Stored data entries:
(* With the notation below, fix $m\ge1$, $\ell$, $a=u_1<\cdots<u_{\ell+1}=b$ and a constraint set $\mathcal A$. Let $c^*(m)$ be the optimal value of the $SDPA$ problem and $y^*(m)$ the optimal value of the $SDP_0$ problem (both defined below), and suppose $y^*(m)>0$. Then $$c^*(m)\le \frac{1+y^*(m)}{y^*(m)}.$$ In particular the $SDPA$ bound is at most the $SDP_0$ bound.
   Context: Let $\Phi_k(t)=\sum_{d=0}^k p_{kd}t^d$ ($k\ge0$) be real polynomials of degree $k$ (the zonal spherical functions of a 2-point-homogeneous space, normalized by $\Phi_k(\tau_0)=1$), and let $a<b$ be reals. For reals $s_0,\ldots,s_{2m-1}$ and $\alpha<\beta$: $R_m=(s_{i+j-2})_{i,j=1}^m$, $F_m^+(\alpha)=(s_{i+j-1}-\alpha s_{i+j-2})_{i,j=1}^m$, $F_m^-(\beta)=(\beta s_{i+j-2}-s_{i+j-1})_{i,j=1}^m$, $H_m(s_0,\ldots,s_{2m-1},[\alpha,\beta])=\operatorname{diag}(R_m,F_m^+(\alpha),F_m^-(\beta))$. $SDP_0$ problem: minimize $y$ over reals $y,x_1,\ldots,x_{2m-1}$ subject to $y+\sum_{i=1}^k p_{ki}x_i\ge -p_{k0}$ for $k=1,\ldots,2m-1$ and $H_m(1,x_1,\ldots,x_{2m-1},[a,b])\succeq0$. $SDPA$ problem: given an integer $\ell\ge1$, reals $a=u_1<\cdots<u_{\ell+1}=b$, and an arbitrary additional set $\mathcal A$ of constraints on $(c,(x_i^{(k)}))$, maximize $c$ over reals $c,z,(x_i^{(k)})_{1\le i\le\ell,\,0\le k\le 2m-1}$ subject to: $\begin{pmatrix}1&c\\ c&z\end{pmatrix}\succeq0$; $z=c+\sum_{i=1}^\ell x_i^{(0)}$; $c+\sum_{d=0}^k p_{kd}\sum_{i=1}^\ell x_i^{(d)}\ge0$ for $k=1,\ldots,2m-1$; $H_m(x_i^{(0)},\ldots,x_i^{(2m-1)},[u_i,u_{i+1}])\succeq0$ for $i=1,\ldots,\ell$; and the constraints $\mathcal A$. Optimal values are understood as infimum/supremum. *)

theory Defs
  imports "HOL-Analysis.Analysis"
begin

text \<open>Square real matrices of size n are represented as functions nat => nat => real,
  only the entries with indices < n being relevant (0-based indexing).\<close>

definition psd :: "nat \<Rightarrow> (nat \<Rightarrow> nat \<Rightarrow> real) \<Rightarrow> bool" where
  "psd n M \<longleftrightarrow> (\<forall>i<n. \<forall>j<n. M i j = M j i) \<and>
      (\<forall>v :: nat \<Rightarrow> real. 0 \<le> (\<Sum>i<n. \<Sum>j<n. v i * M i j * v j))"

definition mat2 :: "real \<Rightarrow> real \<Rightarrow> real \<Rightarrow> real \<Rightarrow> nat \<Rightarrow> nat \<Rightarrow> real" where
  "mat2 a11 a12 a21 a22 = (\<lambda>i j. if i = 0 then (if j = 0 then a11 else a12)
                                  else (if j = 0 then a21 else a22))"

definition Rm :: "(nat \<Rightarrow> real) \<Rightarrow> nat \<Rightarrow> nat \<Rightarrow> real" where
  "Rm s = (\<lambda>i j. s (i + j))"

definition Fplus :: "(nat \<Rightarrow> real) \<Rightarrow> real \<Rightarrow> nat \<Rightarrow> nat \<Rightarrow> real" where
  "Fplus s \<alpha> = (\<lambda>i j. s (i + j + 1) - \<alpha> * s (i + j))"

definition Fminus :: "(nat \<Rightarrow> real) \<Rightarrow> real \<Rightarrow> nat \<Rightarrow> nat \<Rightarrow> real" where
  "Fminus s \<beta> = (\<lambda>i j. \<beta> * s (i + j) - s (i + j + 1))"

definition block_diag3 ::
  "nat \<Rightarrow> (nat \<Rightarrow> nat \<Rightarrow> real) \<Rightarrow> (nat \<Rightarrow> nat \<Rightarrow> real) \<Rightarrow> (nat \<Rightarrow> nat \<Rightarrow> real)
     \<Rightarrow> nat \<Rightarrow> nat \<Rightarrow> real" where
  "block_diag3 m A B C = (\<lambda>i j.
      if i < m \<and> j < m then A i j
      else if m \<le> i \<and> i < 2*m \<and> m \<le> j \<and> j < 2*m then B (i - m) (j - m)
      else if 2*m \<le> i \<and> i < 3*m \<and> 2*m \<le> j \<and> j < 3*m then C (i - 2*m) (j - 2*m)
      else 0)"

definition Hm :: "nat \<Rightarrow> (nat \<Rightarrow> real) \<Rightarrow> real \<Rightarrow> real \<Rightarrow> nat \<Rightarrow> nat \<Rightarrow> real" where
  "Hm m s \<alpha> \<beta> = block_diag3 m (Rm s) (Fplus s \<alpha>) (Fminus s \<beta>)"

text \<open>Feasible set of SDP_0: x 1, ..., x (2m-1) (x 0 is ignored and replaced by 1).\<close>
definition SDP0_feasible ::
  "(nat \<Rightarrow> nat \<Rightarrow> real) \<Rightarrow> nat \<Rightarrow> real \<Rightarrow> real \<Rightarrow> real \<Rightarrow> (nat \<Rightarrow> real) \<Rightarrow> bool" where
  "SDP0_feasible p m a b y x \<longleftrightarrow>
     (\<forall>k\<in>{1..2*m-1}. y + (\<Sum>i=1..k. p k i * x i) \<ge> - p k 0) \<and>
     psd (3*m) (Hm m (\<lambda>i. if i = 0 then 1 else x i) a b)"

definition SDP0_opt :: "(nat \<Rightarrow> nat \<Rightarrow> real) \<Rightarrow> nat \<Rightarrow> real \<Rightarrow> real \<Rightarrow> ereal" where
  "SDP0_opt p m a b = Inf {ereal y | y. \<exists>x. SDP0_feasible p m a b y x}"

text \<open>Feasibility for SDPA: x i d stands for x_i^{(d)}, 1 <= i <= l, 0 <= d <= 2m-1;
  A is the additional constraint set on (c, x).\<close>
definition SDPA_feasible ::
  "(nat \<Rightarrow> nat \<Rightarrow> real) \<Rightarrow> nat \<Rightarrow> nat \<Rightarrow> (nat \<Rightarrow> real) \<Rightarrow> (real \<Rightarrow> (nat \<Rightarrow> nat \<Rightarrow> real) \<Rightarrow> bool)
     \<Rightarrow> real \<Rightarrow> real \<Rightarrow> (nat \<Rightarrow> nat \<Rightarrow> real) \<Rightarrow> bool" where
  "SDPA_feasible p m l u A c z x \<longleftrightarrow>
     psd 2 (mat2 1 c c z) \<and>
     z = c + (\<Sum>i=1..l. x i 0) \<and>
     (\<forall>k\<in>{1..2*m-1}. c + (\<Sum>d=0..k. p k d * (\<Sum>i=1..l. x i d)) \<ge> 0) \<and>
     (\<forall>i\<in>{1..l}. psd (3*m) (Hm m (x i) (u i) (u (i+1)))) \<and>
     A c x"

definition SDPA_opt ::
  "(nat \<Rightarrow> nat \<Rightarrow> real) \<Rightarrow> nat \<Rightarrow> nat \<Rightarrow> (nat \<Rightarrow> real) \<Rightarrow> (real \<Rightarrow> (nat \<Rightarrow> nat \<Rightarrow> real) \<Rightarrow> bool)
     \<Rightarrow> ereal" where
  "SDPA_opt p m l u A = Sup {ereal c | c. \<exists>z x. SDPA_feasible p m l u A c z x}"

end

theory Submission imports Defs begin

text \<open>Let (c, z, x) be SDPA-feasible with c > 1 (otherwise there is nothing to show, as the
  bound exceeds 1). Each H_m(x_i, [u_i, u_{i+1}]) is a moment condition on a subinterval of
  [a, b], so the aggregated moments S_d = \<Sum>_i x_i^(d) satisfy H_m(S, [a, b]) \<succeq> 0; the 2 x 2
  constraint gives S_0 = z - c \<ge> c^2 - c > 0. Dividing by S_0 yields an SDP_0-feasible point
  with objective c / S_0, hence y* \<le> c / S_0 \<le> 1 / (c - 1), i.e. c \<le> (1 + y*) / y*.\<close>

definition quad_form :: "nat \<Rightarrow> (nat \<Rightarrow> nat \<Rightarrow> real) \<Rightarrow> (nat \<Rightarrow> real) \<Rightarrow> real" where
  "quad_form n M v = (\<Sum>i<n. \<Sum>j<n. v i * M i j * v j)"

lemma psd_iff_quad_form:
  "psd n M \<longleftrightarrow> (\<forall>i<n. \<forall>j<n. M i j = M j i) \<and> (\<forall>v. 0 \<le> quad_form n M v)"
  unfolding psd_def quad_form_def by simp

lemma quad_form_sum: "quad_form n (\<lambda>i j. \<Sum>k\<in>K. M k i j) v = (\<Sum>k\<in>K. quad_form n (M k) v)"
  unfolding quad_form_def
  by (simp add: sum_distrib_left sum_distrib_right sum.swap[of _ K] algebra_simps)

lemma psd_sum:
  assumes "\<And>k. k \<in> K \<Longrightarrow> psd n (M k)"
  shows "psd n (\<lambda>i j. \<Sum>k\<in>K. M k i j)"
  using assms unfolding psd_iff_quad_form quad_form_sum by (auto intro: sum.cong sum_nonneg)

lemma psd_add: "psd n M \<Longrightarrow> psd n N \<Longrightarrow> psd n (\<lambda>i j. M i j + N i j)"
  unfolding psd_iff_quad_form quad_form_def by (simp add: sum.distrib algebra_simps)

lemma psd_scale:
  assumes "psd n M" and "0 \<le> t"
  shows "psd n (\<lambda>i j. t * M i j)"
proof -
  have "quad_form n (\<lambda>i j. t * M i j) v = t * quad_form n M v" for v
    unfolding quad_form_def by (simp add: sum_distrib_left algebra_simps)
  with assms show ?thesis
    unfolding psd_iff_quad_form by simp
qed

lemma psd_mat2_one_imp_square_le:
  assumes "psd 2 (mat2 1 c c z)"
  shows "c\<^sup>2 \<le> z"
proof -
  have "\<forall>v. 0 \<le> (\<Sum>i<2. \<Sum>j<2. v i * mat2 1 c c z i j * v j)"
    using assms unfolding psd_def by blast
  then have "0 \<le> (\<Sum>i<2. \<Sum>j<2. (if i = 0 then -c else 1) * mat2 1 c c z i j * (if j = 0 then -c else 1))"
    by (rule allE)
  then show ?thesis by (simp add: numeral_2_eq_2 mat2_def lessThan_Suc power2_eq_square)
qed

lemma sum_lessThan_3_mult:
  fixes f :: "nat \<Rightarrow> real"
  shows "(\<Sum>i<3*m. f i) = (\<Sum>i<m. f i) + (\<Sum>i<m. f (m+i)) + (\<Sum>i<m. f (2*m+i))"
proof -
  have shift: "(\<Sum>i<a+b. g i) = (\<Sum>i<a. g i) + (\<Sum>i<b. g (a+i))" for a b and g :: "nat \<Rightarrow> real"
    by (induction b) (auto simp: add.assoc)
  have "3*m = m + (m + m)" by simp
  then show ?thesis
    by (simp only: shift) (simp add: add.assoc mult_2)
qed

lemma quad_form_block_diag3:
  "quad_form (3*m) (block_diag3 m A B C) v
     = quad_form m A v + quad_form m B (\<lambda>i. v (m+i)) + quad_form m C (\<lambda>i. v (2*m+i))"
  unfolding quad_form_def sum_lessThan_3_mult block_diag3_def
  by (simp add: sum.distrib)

---

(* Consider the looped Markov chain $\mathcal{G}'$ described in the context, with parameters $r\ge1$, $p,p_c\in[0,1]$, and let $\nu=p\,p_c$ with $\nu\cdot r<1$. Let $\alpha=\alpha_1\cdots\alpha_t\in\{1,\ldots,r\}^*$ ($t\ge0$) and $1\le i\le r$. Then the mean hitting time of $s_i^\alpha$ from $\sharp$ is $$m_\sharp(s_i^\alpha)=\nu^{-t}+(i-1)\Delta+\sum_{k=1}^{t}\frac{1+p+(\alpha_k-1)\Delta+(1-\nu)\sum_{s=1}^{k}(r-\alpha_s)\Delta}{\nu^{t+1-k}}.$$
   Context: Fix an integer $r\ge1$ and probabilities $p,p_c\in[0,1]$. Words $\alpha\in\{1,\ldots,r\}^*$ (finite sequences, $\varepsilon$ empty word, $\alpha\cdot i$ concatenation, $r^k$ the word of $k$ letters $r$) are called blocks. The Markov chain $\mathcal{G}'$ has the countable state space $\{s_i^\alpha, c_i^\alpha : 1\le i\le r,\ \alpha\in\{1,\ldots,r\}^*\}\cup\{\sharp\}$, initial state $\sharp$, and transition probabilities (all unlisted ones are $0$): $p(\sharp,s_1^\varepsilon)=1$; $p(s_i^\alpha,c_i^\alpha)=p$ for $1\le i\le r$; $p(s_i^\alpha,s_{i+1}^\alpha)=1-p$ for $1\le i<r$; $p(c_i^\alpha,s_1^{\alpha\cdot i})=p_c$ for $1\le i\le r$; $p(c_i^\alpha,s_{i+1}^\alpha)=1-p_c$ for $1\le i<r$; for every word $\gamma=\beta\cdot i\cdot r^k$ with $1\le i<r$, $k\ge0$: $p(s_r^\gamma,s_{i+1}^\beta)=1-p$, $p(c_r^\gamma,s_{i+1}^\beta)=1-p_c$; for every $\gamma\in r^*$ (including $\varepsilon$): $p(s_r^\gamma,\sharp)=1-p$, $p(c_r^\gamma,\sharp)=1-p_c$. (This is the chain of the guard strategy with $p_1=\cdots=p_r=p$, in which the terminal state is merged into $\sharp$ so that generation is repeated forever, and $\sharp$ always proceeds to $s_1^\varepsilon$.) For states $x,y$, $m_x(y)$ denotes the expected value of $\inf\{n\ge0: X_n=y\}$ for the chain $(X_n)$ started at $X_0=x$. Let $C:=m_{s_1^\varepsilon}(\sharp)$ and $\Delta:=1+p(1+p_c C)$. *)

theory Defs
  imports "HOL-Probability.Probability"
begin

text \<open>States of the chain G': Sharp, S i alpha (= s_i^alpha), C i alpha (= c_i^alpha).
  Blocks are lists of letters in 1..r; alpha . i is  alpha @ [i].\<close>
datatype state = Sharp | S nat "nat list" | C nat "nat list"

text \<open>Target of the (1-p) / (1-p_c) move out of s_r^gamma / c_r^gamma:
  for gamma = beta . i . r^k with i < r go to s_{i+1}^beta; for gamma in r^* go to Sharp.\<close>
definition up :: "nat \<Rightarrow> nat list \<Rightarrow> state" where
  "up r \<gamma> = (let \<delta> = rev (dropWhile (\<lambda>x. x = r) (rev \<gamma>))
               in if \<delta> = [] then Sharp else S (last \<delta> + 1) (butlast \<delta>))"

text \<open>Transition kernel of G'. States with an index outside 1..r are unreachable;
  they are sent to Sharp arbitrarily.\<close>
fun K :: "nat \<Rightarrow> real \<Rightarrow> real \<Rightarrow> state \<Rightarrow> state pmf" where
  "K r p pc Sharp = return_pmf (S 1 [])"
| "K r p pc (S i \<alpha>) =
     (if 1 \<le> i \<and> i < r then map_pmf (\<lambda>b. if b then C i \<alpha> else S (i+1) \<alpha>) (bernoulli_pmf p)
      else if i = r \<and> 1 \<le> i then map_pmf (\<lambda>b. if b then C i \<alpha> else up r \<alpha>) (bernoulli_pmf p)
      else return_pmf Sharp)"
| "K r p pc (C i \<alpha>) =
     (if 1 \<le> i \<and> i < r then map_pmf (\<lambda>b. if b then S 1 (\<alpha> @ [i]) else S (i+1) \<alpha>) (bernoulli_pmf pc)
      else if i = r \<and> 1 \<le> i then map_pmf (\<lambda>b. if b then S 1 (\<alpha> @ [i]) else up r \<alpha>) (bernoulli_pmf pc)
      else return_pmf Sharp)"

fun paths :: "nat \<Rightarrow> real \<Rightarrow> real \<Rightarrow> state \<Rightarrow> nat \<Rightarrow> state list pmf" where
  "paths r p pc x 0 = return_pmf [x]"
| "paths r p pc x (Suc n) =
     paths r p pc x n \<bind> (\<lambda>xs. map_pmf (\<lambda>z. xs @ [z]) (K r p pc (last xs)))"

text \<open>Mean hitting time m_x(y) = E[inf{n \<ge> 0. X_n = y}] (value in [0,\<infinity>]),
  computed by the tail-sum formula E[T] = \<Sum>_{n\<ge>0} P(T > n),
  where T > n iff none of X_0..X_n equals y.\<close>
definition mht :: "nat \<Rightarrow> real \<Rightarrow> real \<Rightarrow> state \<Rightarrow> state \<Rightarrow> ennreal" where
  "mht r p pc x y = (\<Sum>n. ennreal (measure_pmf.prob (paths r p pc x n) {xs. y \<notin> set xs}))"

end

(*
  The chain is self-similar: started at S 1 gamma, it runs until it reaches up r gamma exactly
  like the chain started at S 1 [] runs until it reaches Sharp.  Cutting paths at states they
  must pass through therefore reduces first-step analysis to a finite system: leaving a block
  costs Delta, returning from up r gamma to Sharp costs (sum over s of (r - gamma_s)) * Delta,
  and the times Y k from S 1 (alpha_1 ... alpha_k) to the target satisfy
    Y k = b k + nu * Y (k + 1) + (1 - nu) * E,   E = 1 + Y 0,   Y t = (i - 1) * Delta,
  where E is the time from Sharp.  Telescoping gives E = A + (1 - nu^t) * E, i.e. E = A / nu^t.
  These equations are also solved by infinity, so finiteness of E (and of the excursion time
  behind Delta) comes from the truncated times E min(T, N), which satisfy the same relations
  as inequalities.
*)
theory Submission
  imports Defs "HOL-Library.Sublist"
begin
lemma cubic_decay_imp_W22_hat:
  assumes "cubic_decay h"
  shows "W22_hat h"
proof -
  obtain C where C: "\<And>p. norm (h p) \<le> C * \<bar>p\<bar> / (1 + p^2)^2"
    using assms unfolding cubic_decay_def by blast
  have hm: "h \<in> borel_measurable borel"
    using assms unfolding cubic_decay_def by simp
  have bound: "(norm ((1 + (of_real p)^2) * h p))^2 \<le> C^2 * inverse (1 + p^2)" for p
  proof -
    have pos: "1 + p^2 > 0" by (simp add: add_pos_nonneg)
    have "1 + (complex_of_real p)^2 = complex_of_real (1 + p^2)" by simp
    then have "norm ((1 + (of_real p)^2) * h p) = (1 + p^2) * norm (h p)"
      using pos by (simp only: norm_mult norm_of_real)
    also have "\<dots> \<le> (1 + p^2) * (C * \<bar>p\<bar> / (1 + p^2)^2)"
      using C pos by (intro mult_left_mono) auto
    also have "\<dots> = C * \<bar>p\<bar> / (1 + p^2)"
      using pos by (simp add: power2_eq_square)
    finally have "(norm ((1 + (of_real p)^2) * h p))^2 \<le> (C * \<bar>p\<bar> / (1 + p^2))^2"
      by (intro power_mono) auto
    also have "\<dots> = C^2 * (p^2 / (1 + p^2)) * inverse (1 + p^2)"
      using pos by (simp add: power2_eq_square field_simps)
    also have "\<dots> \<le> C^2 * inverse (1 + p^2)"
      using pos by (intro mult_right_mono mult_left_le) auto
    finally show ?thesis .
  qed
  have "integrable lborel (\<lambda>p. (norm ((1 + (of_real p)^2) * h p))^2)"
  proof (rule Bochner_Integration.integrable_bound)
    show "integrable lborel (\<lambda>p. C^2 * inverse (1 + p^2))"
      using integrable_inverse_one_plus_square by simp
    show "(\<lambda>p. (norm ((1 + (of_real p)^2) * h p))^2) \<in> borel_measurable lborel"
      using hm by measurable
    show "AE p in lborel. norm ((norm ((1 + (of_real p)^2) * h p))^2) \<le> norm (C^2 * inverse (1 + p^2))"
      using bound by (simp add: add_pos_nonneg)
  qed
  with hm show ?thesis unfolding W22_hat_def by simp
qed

> [Work request] Find the line with "by (induction b) (auto simp: add.assoc)" in the entries above. Retype it and each line after it, exactly, through the line with "(block_diag3 m A B C) v", and stop there.

> [Problem solution]
    by (induction b) (auto simp: add.assoc)
  have "3*m = m + (m + m)" by simp
  then show ?thesis
    by (simp only: shift) (simp add: add.assoc mult_2)
qed

lemma quad_form_block_diag3:
  "quad_form (3*m) (block_diag3 m A B C) v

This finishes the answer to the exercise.